### ASSIGNMENT
Could you find each line of the data below that contains the word "bullet" and copy those lines?

Stored data entries:
--*--

(* Under all the hypotheses of the following setting: $C\subseteq\mathbb{R}^n$ nonempty closed convex; $F$ continuously differentiable; $x^*$ a solution of VIP$(F,C)$; a neighborhood $X$ of $x^*$ and constants $L_1,L_2,\mu>0$ with $\|F(x)-F(y)\|\le L_1\|x-y\|$, $\|\nabla F(x)-\nabla F(y)\|\le L_2\|x-y\|$ for $x,y\in X$ and $\langle\nabla F(x)d,d\rangle\ge\mu\|d\|^2$ for $x\in X$, $d\in\mathbb{R}^n$; sequences $\{x_k\}\subset C$ with $x_k\to x^*$, $B_k$, $\mu_k>0$, $\rho_k\ge0$, $\delta_k>0$, inexact solutions $z_k\in C$ and exact solutions $\hat z_k$ of VIP$(\varphi_k,C)$; and constants $D,C_1,C_2>0$ such that for all sufficiently large $k$: $\|B_k-\nabla F(x_k)\|\le D$; $\mu_k=O(r_k)$, $\mu_k\le C_1\|x_k-x^*\|$, $\rho_k\to0$; $B_k+\mu_kI$ positive definite with $(1+\|B_k+\mu_kI\|)/c_k\le C_2$; $\|(B_k-\nabla F(x_k))(z_k-x_k)\|\le\delta_k\|z_k-x_k\|$, $\mu_k<\mu/2$, $\delta_k\le\mu/16$. Then for every $\alpha>0$ there exist constants $L_1',L_2',L_3',L_4',L_5'>0$ such that for all sufficiently large $k$, $$f_\alpha(z_k)\le L_1'\|x_k-x^*\|^4+(L_2'\delta_k+L_3')\|x_k-x^*\|^3+(L_4'\delta_k+L_5'\delta_k^2)\|x_k-x^*\|^2.$$
   Context: VIP$(F,C)$: find $x^*\in C$ with $\langle F(x^* ),x-x^*\rangle\ge0$ for all $x\in C$. $P_C$ is the Euclidean projection onto $C$. $r_k=\|x_k-P_C(x_k-F(x_k))\|$. For $\alpha>0$ the merit function is $f_\alpha(x)=\max_{y\in C}\{-\langle F(x),y-x\rangle-\tfrac{\alpha}{2}\|y-x\|^2\}$. For each $k$, $\varphi_k(z)=F(x_k)+(B_k+\mu_kI)(z-x_k)$; $\hat z_k\in C$ is the unique solution of VIP$(\varphi_k,C)$: $\langle\varphi_k(\hat z_k),x-\hat z_k\rangle\ge0$ for all $x\in C$. With $e_k=z_k-P_C(z_k-\varphi_k(z_k))$, the inexact solutions $z_k\in C$ satisfy $\|e_k\|\le\rho_k\mu_k\|z_k-x_k\|$ and $\langle e_k,\varphi_k(z_k)+z_k-x_k\rangle\le\rho_k\mu_k\|z_k-x_k\|^2$. $c_k$ is the smallest eigenvalue of the symmetric part of $B_k+\mu_kI$. *)

theory Defs
  imports "HOL-Analysis.Analysis" "HOL-Library.Landau_Symbols"
begin

definition vip_sol :: "('a::real_inner \<Rightarrow> 'a) \<Rightarrow> 'a set \<Rightarrow> 'a \<Rightarrow> bool" where
  "vip_sol F C xs \<longleftrightarrow> xs \<in> C \<and> (\<forall>y\<in>C. F xs \<bullet> (y - xs) \<ge> 0)"

definition mnorm :: "real^'n^'n \<Rightarrow> real" where
  "mnorm A = onorm (\<lambda>v. A *v v)"

definition pos_def :: "real^'n^'n \<Rightarrow> bool" where
  "pos_def A \<longleftrightarrow> (\<forall>d. d \<noteq> 0 \<longrightarrow> d \<bullet> (A *v d) > 0)"

definition min_eig_sym :: "real^'n^'n \<Rightarrow> real" where
  "min_eig_sym A = Min {l. \<exists>v. v \<noteq> 0 \<and> ((1/2) *\<^sub>R (A + transpose A)) *v v = l *\<^sub>R v}"

definition resid :: "('a::euclidean_space \<Rightarrow> 'a) \<Rightarrow> 'a set \<Rightarrow> 'a \<Rightarrow> real" where
  "resid F C x = norm (x - closest_point C (x - F x))"

definition merit :: "('a::real_inner \<Rightarrow> 'a) \<Rightarrow> 'a set \<Rightarrow> real \<Rightarrow> 'a \<Rightarrow> real" where
  "merit F C \<alpha> x = (SUP y\<in>C. - (F x \<bullet> (y - x)) - (\<alpha> / 2) * (norm (y - x))^2)"

end

theory Submission
  imports Defs
begin

(*
  Near x* the Jacobian is uniformly strongly monotone, so once mu_k and delta_k are small the
  regularised model B_k + mu_k I is coercive and bounded along d_k = z_k - x_k.  The projection
  inequality for P_C(z_k - phi_k(z_k)) = z_k - e_k tested at x*, added to the variational
  inequality at x* tested at z_k - e_k, gives the error bound ||d_k|| <= K ||x_k - x*|| as soon
  as rho_k mu_k is small.  Tested at an arbitrary y in C, the same projection inequality bounds
  f_alpha(z_k) by 2 rho_k mu_k ||d_k||^2 + (||e_k|| + ||F(z_k) - phi_k(z_k)||)^2 / (2 alpha); the
  Lipschitz Jacobian, the accuracy of B_k and mu_k <= C1 ||x_k - x*|| make both residuals
  O(||x_k - x*||^2 + delta_k ||x_k - x*||).
*)

lemma mat_mulv [simp]: "mat c *v (x::real^'n) = c *\<^sub>R x"
  by (simp add: vec_eq_iff matrix_vector_mult_def mat_def if_distrib[where f="\<lambda>a. a * _"] cong: if_cong)

lemma norm_mulv_le_mnorm: "norm (A *v v) \<le> mnorm A * norm v"
  unfolding mnorm_def by (rule onorm[OF matrix_vector_mul_bounded_linear])

lemma mnorm_nonneg: "0 \<le> mnorm A"
  unfolding mnorm_def by (rule onorm_pos_le[OF matrix_vector_mul_bounded_linear])

lemma mnorm_add_le: "mnorm (A + B) \<le> mnorm A + mnorm B"
  unfolding mnorm_def matrix_vector_mult_add_rdistrib
  by (intro onorm_triangle matrix_vector_mul_bounded_linear)

lemma regularized_model_split:
  "(B + mat m) *v d = J *v d + (B - J) *v d + m *\<^sub>R d"
  by (simp add: matrix_vector_mult_add_rdistrib matrix_vector_mult_diff_rdistrib)

lemma regularized_model_coercive:
  fixes J B :: "real^'n^'n"
  assumes "\<mu> * (norm d)\<^sup>2 \<le> (J *v d) \<bullet> d"
    and "norm ((B - J) *v d) \<le> \<delta> * norm d" "\<delta> \<le> \<mu> / 2" "0 \<le> m"
  shows "\<mu> / 2 * (norm d)\<^sup>2 \<le> ((B + mat m) *v d) \<bullet> d"
proof -
  have "- (((B - J) *v d) \<bullet> d) \<le> \<delta> * norm d * norm d"
    using norm_cauchy_schwarz[of "- ((B - J) *v d)" d] mult_right_mono[OF assms(2), of "norm d"] by simp
  also have "\<dots> \<le> \<mu> / 2 * (norm d)\<^sup>2"
    using mult_right_mono[OF assms(3), of "(norm d)\<^sup>2"] by (simp add: power2_eq_square mult.assoc)
  finally have "- (((B - J) *v d) \<bullet> d) \<le> \<mu> / 2 * (norm d)\<^sup>2" .
  moreover have "0 \<le> (m *\<^sub>R d) \<bullet> d"
    using \<open>0 \<le> m\<close> by simp
  ultimately show ?thesis
    using assms(1) unfolding regularized_model_split[of B m d J] inner_add_left by linarith
qed

lemma regularized_model_bounded:
  fixes J B :: "real^'n^'n"
  assumes "norm ((B - J) *v d) \<le> \<delta> * norm d" "0 \<le> m"
  shows "norm ((B + mat m) *v d) \<le> (mnorm J + \<delta> + m) * norm d"
proof -
  have "norm ((B + mat m) *v d) \<le> norm (J *v d) + norm ((B - J) *v d) + norm (m *\<^sub>R d)"
    unfolding regularized_model_split[of B m d J] by (meson norm_triangle_ineq add_right_mono order_trans)
  then show ?thesis
    using norm_mulv_le_mnorm[of J d] assms by (simp add: algebra_simps)
qed

lemma le_of_quadratic_le:
  fixes a n c P Q :: real
  assumes quad: "c * n\<^sup>2 \<le> P * a * n + Q * a\<^sup>2"
    and "c > 0" "0 \<le> a" "0 \<le> n" "0 \<le> Q"
  shows "n \<le> max 1 ((P + Q) / c) * a"
proof (cases "n \<le> a")
  case True
  then show ?thesis
    using \<open>0 \<le> a\<close> mult_right_mono[OF max.cobounded1, of a 1 "(P + Q) / c"] by linarith
next
  case False
  then have "Q * a\<^sup>2 \<le> Q * a * n"
    using \<open>0 \<le> a\<close> \<open>0 \<le> Q\<close> by (simp add: power2_eq_square mult_left_mono mult.assoc)
  with quad have "(c * n) * n \<le> ((P + Q) * a) * n"
    by (simp add: power2_eq_square algebra_simps)
  then have "c * n \<le> (P + Q) * a"
    using False \<open>0 \<le> a\<close> by (simp add: mult_le_cancel_right)
  then have "n \<le> (P + Q) / c * a"
    using \<open>c > 0\<close> by (simp add: field_simps)
  then show ?thesis
    using \<open>0 \<le> a\<close> mult_right_mono[OF max.cobounded2, of a "(P + Q) / c" 1] by linarith
qed

lemma mult_minus_half_square_le:
  fixes t q \<alpha> :: real
  assumes "\<alpha> > 0"
  shows "t * q - \<alpha> / 2 * q\<^sup>2 \<le> t\<^sup>2 / (2 * \<alpha>)"
proof -
  have "2 * \<alpha> * (t * q - \<alpha> / 2 * q\<^sup>2) \<le> t\<^sup>2"
    using zero_le_power2[of "t - \<alpha> * q"] by (simp add: power2_eq_square algebra_simps)
  then show ?thesis
    using assms by (simp add: field_simps)
qed

lemma polynomial_bound_of_step_estimates:
  fixes f s n t a K C1 L \<delta> m \<alpha> :: real
  assumes f: "f \<le> 2 * s * n\<^sup>2 + t\<^sup>2 / (2 * \<alpha>)"
    and "0 \<le> t" "t \<le> s * n + L * n\<^sup>2 + \<delta> * n + m * n"
    and "0 \<le> n" "n \<le> K * a" "0 \<le> s" "s \<le> C1 * a" "0 \<le> m" "m \<le> C1 * a"
    and "0 \<le> \<delta>" "0 \<le> L" "\<alpha> > 0"
  defines "G \<equiv> 2 * C1 * K + L * K\<^sup>2"
  shows "f \<le> G\<^sup>2 / (2 * \<alpha>) * a ^ 4 + (G * K / \<alpha> * \<delta> + 2 * C1 * K\<^sup>2) * a ^ 3
              + K\<^sup>2 / (2 * \<alpha>) * \<delta>\<^sup>2 * a\<^sup>2"
proof -
  have "0 \<le> C1 * a"
    using \<open>0 \<le> s\<close> \<open>s \<le> C1 * a\<close> by linarith
  have n2: "n\<^sup>2 \<le> K\<^sup>2 * a\<^sup>2"
    using power_mono[OF \<open>n \<le> K * a\<close> \<open>0 \<le> n\<close>, of 2] by (simp add: power_mult_distrib)
  have "s * n\<^sup>2 \<le> (C1 * a) * (K\<^sup>2 * a\<^sup>2)"
    using mult_mono[OF \<open>s \<le> C1 * a\<close> n2 \<open>0 \<le> C1 * a\<close>] by simp
  then have first: "2 * s * n\<^sup>2 \<le> 2 * C1 * K\<^sup>2 * a ^ 3"
    by (simp add: power2_eq_square power3_eq_cube algebra_simps)
  have "s * n \<le> C1 * a * (K * a)" "m * n \<le> C1 * a * (K * a)"
    using mult_mono[OF \<open>s \<le> C1 * a\<close> \<open>n \<le> K * a\<close>] mult_mono[OF \<open>m \<le> C1 * a\<close> \<open>n \<le> K * a\<close>]
      \<open>0 \<le> C1 * a\<close> \<open>0 \<le> n\<close> by auto
  moreover have "L * n\<^sup>2 \<le> L * (K\<^sup>2 * a\<^sup>2)" "\<delta> * n \<le> \<delta> * (K * a)"
    using mult_left_mono[OF n2 \<open>0 \<le> L\<close>] mult_left_mono[OF \<open>n \<le> K * a\<close> \<open>0 \<le> \<delta>\<close>] by auto
  ultimately have "t \<le> G * a\<^sup>2 + \<delta> * K * a"
    using \<open>t \<le> s * n + L * n\<^sup>2 + \<delta> * n + m * n\<close>
    unfolding G_def by (simp add: power2_eq_square algebra_simps)
  then have "t\<^sup>2 / (2 * \<alpha>) \<le> (G * a\<^sup>2 + \<delta> * K * a)\<^sup>2 / (2 * \<alpha>)"
    using \<open>0 \<le> t\<close> \<open>\<alpha> > 0\<close> by (intro divide_right_mono power_mono) auto
  also have "\<dots> = G\<^sup>2 / (2 * \<alpha>) * a ^ 4 + G * K / \<alpha> * \<delta> * a ^ 3 + K\<^sup>2 / (2 * \<alpha>) * \<delta>\<^sup>2 * a\<^sup>2"
    using \<open>\<alpha> > 0\<close> by (simp add: field_simps power2_eq_square power3_eq_cube power4_eq_xxxx)
  finally show ?thesis
    using f first by (simp add: algebra_simps)
qed
text \<open>Method of types: a sample sequence of length \<open>n\<close> with type \<open>T\<close> has probability
  \<open>exp (- n D(T\<parallel>p))\<close> times its probability under \<open>T\<close> itself, and these latter probabilities
  sum to at most the number of types, which is polynomial in \<open>n\<close>. If the test errs, the types
  of the observed databases form a pair \<open>(\<Omega>, \<Psi>)\<close> admissible in the definition of \<open>E\<^sub>f\<close>, so
  the likelihood of every erroneous sample is at most \<open>exp (- N E\<^sub>f)\<close> times its type
  likelihood. Summing, the mismatch probability is at most \<open>exp (- N E\<^sub>f)\<close> times a polynomial
  in \<open>N\<close>.\<close>

lemma sum_card_fibres:
  fixes x :: "nat \<Rightarrow> 'a::finite"
  shows "(\<Sum>a\<in>UNIV. card {k. k < n \<and> x k = a}) = n"
proof -
  have "(\<Sum>a\<in>UNIV. \<Sum>k\<in>{k\<in>{..<n}. x k = a}. (1::nat)) = (\<Sum>k\<in>{..<n}. 1)"
    by (rule sum.group) auto
  then show ?thesis by simp
qed

lemma prod_eq_prod_power_card_fibres:
  fixes f :: "'a::finite \<Rightarrow> real" and x :: "nat \<Rightarrow> 'a"
  shows "(\<Prod>k<n. f (x k)) = (\<Prod>a\<in>UNIV. f a ^ card {k. k < n \<and> x k = a})"
proof -
  have "(\<Prod>k\<in>{k\<in>{..<n}. x k = a}. f (x k)) = f a ^ card {k. k < n \<and> x k = a}" for a
    by (simp add: prod.cong[of _ _ _ "\<lambda>_. f a"])
  moreover have "(\<Prod>a\<in>UNIV. \<Prod>k\<in>{k\<in>{..<n}. x k = a}. f (x k)) = (\<Prod>k\<in>{..<n}. f (x k))"
    by (rule prod.group) auto
  ultimately show ?thesis by simp
qed

lemma emp_type_nonneg: "0 \<le> emp_type n x a"
  unfolding emp_type_def by simp

lemma sum_emp_type:
  fixes x :: "nat \<Rightarrow> 'a::finite"
  assumes "n > 0"
  shows "(\<Sum>a\<in>UNIV. emp_type n x a) = 1"
proof -
  have "(\<Sum>a\<in>UNIV. emp_type n x a) = real (\<Sum>a\<in>UNIV. card {k. k < n \<and> x k = a}) / real n"
    unfolding emp_type_def of_nat_sum by (simp add: sum_divide_distrib)
  then show ?thesis using assms by (simp add: sum_card_fibres)
qed

lemma pmf_embed_emp_type:
  fixes x :: "nat \<Rightarrow> 'a::finite"
  assumes "n > 0"
  shows "pmf (embed_pmf (emp_type n x)) = emp_type n x"
proof
  fix a
  have "(\<integral>\<^sup>+y. ennreal (emp_type n x y) \<partial>count_space UNIV) = ennreal (\<Sum>y\<in>UNIV. emp_type n x y)"
    by (simp add: nn_integral_count_space_finite emp_type_nonneg)
  then show "pmf (embed_pmf (emp_type n x)) a = emp_type n x a"
    by (intro pmf_embed_pmf) (simp_all add: emp_type_nonneg sum_emp_type[OF assms])
qed
(* Let $K\in\hat{\mathcal K}$ and $L=\mathcal A(K)K$. Then $$|L\cap\{y=0,x\ge0,z\ge0\}|=|L\cap\{y=0,x\ge0,z\le0\}|,\qquad |L\cap\{z=0,x\ge0,y\ge0\}|=|L\cap\{z=0,x\le0,y\ge0\}|,$$ $$|\Delta_1(L)|+|\Delta_2(L)|=|\Delta_3(L)|+|\Delta_4(L)|.$$
   Context: $\hat{\mathcal K}$ is the set of centrally symmetric convex bodies in $\mathbb{R}^3$ with $C^\infty$ boundary that are strongly convex ($\frac12\mu_K^2$ has positive definite Hessian on the unit sphere, $\mu_K$ the Minkowski gauge). $\rho_K(x)=\max\{\lambda\ge0:\lambda x\in K\}$, $P(\alpha,\beta)=(\cos\alpha,\sin\alpha\cos\beta,\sin\alpha\sin\beta)$. $\Theta(K)\in(0,\pi)$ is the unique number with $\int_0^{\Theta}\!d\beta\int_0^\pi\rho_K^3(P(\alpha,\beta))\sin\alpha\,d\alpha=\int_{\Theta}^{\pi}\!d\beta\int_0^\pi\rho_K^3(P(\alpha,\beta))\sin\alpha\,d\alpha$. $\Phi(K)\in(0,\pi)$ is the unique number with $\int_0^{\Phi}\rho_K^2(P(\alpha,0))d\alpha=\int_{\Phi}^\pi\rho_K^2(P(\alpha,0))d\alpha$, and $\Psi(K)\in(0,\pi)$ the unique number with $\int_0^{\Psi}\rho_K^2(P(\alpha,\Theta(K)))d\alpha=\int_{\Psi}^\pi\rho_K^2(P(\alpha,\Theta(K)))d\alpha$. $\mathcal A(K)=\begin{pmatrix}1&\cot\Phi(K)&\frac{1}{\sin\Theta(K)\tan\Psi(K)}\\0&1&\cot\Theta(K)\\0&0&1\end{pmatrix}^{-1}$. $\Delta_1(L)=L\cap\{x\ge0,y\ge0,z\ge0\}$, $\Delta_2(L)=L\cap\{x\le0,y\ge0,z\ge0\}$, $\Delta_3(L)=L\cap\{x\le0,y\le0,z\ge0\}$, $\Delta_4(L)=L\cap\{x\ge0,y\le0,z\ge0\}$; their measures are volumes, the planar sets' measures are areas. *)

theory Defs
  imports "HOL-Analysis.Analysis"
begin

text \<open>Coordinates of a point p :: real^3 are p$1 = x, p$2 = y, p$3 = z.\<close>

definition convex_body3 :: "(real^3) set \<Rightarrow> bool" where
  "convex_body3 K \<longleftrightarrow> compact K \<and> convex K \<and> interior K \<noteq> {}"

definition centrally_symmetric :: "(real^3) set \<Rightarrow> bool" where
  "centrally_symmetric K \<longleftrightarrow> (\<forall>x\<in>K. - x \<in> K)"

definition gauge :: "(real^3) set \<Rightarrow> real^3 \<Rightarrow> real" where
  "gauge K x = Inf {t. t > 0 \<and> x \<in> (\<lambda>p. t *\<^sub>R p) ` K}"

definition radial :: "(real^3) set \<Rightarrow> real^3 \<Rightarrow> real" where
  "radial K x = Sup {t. t \<ge> 0 \<and> t *\<^sub>R x \<in> K}"

fun iter_dd :: "(real^3) list \<Rightarrow> (real^3 \<Rightarrow> real) \<Rightarrow> (real^3) set \<Rightarrow> bool" where
  "iter_dd [] f S = continuous_on S f"
| "iter_dd (v # vs) f S =
     ((\<forall>x\<in>S. f differentiable (at x)) \<and> iter_dd vs (\<lambda>x. frechet_derivative f (at x) v) S)"

definition smooth_on3 :: "(real^3 \<Rightarrow> real) \<Rightarrow> (real^3) set \<Rightarrow> bool" where
  "smooth_on3 f S \<longleftrightarrow> (\<forall>vs. iter_dd vs f S)"

definition hess_form :: "(real^3 \<Rightarrow> real) \<Rightarrow> real^3 \<Rightarrow> real^3 \<Rightarrow> real" where
  "hess_form f u v = frechet_derivative (\<lambda>x. frechet_derivative f (at x) v) (at u) v"

text \<open>The class \<open>\<hat>K\<close>: centrally symmetric convex bodies with C-infinity boundary
  (gauge smooth away from the origin) which are strongly convex.\<close>
definition Khat :: "(real^3) set set" where
  "Khat = {K. convex_body3 K \<and> centrally_symmetric K
              \<and> smooth_on3 (gauge K) (- {0})
              \<and> (\<forall>u. norm u = 1 \<longrightarrow>
                    (\<forall>v. v \<noteq> 0 \<longrightarrow> hess_form (\<lambda>x. (gauge K x)\<^sup>2 / 2) u v > 0))}"

definition Pt :: "real \<Rightarrow> real \<Rightarrow> real^3" where
  "Pt \<alpha> \<beta> = vector [cos \<alpha>, sin \<alpha> * cos \<beta>, sin \<alpha> * sin \<beta>]"

definition Theta :: "(real^3) set \<Rightarrow> real" where
  "Theta K = (THE \<theta>. 0 < \<theta> \<and> \<theta> < pi \<and>
     integral {0..\<theta>} (\<lambda>\<beta>. integral {0..pi} (\<lambda>\<alpha>. (radial K (Pt \<alpha> \<beta>)) ^ 3 * sin \<alpha>))
   = integral {\<theta>..pi} (\<lambda>\<beta>. integral {0..pi} (\<lambda>\<alpha>. (radial K (Pt \<alpha> \<beta>)) ^ 3 * sin \<alpha>)))"

definition Phi :: "(real^3) set \<Rightarrow> real" where
  "Phi K = (THE \<phi>. 0 < \<phi> \<and> \<phi> < pi \<and>
     integral {0..\<phi>} (\<lambda>\<alpha>. (radial K (Pt \<alpha> 0))\<^sup>2)
   = integral {\<phi>..pi} (\<lambda>\<alpha>. (radial K (Pt \<alpha> 0))\<^sup>2))"

definition Psi :: "(real^3) set \<Rightarrow> real" where
  "Psi K = (THE \<psi>. 0 < \<psi> \<and> \<psi> < pi \<and>
     integral {0..\<psi>} (\<lambda>\<alpha>. (radial K (Pt \<alpha> (Theta K)))\<^sup>2)
   = integral {\<psi>..pi} (\<lambda>\<alpha>. (radial K (Pt \<alpha> (Theta K)))\<^sup>2))"

definition Amat :: "(real^3) set \<Rightarrow> real^3^3" where
  "Amat K = matrix_inv
     (vector [vector [1, cot (Phi K), 1 / (sin (Theta K) * tan (Psi K))],
              vector [0, 1, cot (Theta K)],
              vector [0, 0, 1]] :: real^3^3)"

--*--

### EXERCISE OUTPUT
  "vip_sol F C xs \<longleftrightarrow> xs \<in> C \<and> (\<forall>y\<in>C. F xs \<bullet> (y - xs) \<ge> 0)"
  "pos_def A \<longleftrightarrow> (\<forall>d. d \<noteq> 0 \<longrightarrow> d \<bullet> (A *v d) > 0)"
  "merit F C \<alpha> x = (SUP y\<in>C. - (F x \<bullet> (y - x)) - (\<alpha> / 2) * (norm (y - x))^2)"
  assumes "\<mu> * (norm d)\<^sup>2 \<le> (J *v d) \<bullet> d"
  shows "\<mu> / 2 * (norm d)\<^sup>2 \<le> ((B + mat m) *v d) \<bullet> d"
  have "- (((B - J) *v d) \<bullet> d) \<le> \<delta> * norm d * norm d"
  finally have "- (((B - J) *v d) \<bullet> d) \<le> \<mu> / 2 * (norm d)\<^sup>2" .
  moreover have "0 \<le> (m *\<^sub>R d) \<bullet> d"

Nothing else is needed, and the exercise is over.